→ INFORMATION SUPPLIED
==========
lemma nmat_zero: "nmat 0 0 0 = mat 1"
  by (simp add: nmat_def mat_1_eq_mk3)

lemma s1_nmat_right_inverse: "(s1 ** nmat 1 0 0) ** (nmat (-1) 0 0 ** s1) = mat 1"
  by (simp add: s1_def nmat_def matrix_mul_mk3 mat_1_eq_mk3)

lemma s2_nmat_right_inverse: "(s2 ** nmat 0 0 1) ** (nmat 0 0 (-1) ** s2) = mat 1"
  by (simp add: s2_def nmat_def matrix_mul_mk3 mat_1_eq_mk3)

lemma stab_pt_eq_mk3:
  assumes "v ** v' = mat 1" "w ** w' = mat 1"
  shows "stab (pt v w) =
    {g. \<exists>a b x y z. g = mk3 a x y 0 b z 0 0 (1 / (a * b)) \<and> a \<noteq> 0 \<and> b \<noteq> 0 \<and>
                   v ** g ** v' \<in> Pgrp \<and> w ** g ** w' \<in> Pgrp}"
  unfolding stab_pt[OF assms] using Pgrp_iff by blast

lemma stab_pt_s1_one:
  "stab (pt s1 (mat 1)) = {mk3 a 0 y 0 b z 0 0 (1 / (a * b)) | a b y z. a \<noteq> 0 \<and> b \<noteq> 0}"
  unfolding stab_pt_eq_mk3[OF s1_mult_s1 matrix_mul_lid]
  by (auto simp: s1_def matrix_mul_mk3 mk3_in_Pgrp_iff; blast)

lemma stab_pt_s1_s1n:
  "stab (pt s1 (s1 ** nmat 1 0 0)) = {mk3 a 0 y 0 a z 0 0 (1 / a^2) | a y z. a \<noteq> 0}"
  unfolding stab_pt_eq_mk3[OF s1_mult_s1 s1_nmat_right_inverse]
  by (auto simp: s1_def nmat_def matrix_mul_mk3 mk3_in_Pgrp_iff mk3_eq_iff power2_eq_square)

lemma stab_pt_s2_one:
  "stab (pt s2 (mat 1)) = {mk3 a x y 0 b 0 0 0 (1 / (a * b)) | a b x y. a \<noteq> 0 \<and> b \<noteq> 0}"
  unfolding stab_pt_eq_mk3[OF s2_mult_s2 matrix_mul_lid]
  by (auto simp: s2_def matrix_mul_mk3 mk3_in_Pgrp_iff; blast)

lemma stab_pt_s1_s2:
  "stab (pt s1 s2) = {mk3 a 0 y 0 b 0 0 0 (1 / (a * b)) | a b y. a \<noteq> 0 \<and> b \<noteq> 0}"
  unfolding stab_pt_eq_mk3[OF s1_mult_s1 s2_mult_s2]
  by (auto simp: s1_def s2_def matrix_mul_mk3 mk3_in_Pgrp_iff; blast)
==========
→ WHAT IS BEING ASKED
Every line of the records should be reproduced exactly.

→ COMPLETED EXERCISE
lemma nmat_zero: "nmat 0 0 0 = mat 1"
  by (simp add: nmat_def mat_1_eq_mk3)

lemma s1_nmat_right_inverse: "(s1 ** nmat 1 0 0) ** (nmat (-1) 0 0 ** s1) = mat 1"
  by (simp add: s1_def nmat_def matrix_mul_mk3 mat_1_eq_mk3)

lemma s2_nmat_right_inverse: "(s2 ** nmat 0 0 1) ** (nmat 0 0 (-1) ** s2) = mat 1"
  by (simp add: s2_def nmat_def matrix_mul_mk3 mat_1_eq_mk3)

lemma stab_pt_eq_mk3:
  assumes "v ** v' = mat 1" "w ** w' = mat 1"
  shows "stab (pt v w) =
    {g. \<exists>a b x y z. g = mk3 a x y 0 b z 0 0 (1 / (a * b)) \<and> a \<noteq> 0 \<and> b \<noteq> 0 \<and>
                   v ** g ** v' \<in> Pgrp \<and> w ** g ** w' \<in> Pgrp}"
  unfolding stab_pt[OF assms] using Pgrp_iff by blast

lemma stab_pt_s1_one:
  "stab (pt s1 (mat 1)) = {mk3 a 0 y 0 b z 0 0 (1 / (a * b)) | a b y z. a \<noteq> 0 \<and> b \<noteq> 0}"
  unfolding stab_pt_eq_mk3[OF s1_mult_s1 matrix_mul_lid]
  by (auto simp: s1_def matrix_mul_mk3 mk3_in_Pgrp_iff; blast)

lemma stab_pt_s1_s1n:
  "stab (pt s1 (s1 ** nmat 1 0 0)) = {mk3 a 0 y 0 a z 0 0 (1 / a^2) | a y z. a \<noteq> 0}"
  unfolding stab_pt_eq_mk3[OF s1_mult_s1 s1_nmat_right_inverse]
  by (auto simp: s1_def nmat_def matrix_mul_mk3 mk3_in_Pgrp_iff mk3_eq_iff power2_eq_square)

lemma stab_pt_s2_one:
  "stab (pt s2 (mat 1)) = {mk3 a x y 0 b 0 0 0 (1 / (a * b)) | a b x y. a \<noteq> 0 \<and> b \<noteq> 0}"
  unfolding stab_pt_eq_mk3[OF s2_mult_s2 matrix_mul_lid]
  by (auto simp: s2_def matrix_mul_mk3 mk3_in_Pgrp_iff; blast)

lemma stab_pt_s1_s2:
  "stab (pt s1 s2) = {mk3 a 0 y 0 b 0 0 0 (1 / (a * b)) | a b y. a \<noteq> 0 \<and> b \<noteq> 0}"
  unfolding stab_pt_eq_mk3[OF s1_mult_s1 s2_mult_s2]
  by (auto simp: s1_def s2_def matrix_mul_mk3 mk3_in_Pgrp_iff; blast)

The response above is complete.